Task: Give back exactly the lines of the material below, starting with the line with "and a :: 'a" and going on through the line with "ystar) - 1) \<and>".

Supplied material:
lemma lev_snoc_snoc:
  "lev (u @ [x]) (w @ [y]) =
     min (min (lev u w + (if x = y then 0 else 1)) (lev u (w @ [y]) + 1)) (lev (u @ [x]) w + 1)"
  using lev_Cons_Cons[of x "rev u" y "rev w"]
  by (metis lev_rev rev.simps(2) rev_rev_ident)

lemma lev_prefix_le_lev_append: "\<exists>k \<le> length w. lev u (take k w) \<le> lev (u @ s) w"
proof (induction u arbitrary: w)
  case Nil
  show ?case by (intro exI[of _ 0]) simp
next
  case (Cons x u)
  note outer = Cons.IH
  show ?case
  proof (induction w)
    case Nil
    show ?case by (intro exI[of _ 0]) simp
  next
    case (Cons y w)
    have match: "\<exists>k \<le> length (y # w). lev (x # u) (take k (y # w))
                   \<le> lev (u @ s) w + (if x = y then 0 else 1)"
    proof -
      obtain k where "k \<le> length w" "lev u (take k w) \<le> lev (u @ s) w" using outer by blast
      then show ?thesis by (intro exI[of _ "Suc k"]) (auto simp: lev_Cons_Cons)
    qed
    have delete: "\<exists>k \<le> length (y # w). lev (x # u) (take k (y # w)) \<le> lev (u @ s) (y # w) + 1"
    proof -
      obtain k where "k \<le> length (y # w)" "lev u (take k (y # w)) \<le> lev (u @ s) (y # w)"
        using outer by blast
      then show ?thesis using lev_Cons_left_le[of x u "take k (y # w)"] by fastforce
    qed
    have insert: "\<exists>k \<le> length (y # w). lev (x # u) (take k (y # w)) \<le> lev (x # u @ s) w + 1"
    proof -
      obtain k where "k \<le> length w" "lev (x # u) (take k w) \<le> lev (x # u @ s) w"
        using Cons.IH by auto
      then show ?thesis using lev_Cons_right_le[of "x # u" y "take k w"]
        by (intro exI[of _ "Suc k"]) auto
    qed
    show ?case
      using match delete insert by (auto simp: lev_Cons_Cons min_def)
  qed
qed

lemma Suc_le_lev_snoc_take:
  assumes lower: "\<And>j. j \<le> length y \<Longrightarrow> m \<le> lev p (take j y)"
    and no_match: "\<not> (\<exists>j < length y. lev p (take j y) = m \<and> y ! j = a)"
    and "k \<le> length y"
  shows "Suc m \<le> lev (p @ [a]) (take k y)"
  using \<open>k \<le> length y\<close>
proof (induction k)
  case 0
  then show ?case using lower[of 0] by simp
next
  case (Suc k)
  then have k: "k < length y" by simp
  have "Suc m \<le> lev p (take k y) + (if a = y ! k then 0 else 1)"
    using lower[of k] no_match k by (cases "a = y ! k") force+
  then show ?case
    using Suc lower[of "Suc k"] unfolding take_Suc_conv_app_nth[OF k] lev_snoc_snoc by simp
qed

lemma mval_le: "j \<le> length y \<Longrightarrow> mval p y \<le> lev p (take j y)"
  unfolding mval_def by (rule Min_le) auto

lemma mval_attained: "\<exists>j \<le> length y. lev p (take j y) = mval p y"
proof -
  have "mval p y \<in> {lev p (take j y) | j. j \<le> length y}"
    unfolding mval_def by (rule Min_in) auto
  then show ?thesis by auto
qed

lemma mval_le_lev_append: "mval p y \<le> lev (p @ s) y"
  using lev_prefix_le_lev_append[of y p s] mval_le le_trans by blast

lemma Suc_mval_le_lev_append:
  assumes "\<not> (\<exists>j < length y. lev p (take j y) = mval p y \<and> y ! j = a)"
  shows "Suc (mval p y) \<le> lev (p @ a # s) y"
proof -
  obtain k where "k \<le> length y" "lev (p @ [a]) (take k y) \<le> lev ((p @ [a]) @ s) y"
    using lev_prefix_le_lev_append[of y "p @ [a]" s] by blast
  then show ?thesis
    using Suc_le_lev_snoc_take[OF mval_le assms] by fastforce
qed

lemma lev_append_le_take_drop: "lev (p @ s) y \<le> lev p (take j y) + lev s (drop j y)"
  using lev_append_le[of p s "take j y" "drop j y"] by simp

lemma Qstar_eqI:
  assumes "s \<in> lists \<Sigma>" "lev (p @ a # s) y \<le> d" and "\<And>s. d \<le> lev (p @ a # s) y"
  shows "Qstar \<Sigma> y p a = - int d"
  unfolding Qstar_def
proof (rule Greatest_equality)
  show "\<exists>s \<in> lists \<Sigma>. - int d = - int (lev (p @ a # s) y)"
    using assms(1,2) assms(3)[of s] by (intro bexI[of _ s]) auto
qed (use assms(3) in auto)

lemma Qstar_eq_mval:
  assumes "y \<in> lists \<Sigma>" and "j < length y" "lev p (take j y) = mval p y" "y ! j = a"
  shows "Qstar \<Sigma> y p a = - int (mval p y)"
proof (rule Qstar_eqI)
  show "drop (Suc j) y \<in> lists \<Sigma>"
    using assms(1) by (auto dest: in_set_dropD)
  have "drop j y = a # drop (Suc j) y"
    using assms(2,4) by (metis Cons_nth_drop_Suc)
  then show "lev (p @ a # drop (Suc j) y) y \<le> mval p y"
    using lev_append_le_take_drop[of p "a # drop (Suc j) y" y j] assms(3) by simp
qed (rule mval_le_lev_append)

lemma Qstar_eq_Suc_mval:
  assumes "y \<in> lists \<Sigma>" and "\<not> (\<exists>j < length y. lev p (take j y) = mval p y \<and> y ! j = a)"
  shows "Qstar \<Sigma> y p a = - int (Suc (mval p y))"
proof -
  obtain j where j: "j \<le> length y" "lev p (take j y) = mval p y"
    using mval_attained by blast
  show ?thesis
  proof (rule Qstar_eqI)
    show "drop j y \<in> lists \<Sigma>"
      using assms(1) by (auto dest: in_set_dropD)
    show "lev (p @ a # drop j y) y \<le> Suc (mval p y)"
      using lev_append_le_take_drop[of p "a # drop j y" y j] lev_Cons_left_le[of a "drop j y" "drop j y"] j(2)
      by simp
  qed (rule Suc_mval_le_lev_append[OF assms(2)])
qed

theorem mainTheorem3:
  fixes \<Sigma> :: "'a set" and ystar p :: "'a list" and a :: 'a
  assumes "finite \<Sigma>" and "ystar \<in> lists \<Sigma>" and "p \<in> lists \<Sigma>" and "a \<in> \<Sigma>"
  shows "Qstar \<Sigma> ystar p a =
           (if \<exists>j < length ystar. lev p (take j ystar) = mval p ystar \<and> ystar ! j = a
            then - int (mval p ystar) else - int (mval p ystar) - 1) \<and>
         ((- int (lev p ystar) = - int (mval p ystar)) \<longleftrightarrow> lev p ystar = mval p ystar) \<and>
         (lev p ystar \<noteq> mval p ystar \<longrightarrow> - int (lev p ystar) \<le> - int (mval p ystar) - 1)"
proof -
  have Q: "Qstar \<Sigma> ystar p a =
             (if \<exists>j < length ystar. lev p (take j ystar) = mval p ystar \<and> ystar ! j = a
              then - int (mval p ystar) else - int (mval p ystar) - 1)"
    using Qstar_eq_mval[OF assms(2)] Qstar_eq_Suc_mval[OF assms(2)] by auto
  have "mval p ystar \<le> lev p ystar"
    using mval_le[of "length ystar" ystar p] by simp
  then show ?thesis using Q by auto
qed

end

Solved exercise:
  fixes \<Sigma> :: "'a set" and ystar p :: "'a list" and a :: 'a
  assumes "finite \<Sigma>" and "ystar \<in> lists \<Sigma>" and "p \<in> lists \<Sigma>" and "a \<in> \<Sigma>"
  shows "Qstar \<Sigma> ystar p a =
           (if \<exists>j < length ystar. lev p (take j ystar) = mval p ystar \<and> ystar ! j = a
            then - int (mval p ystar) else - int (mval p ystar) - 1) \<and>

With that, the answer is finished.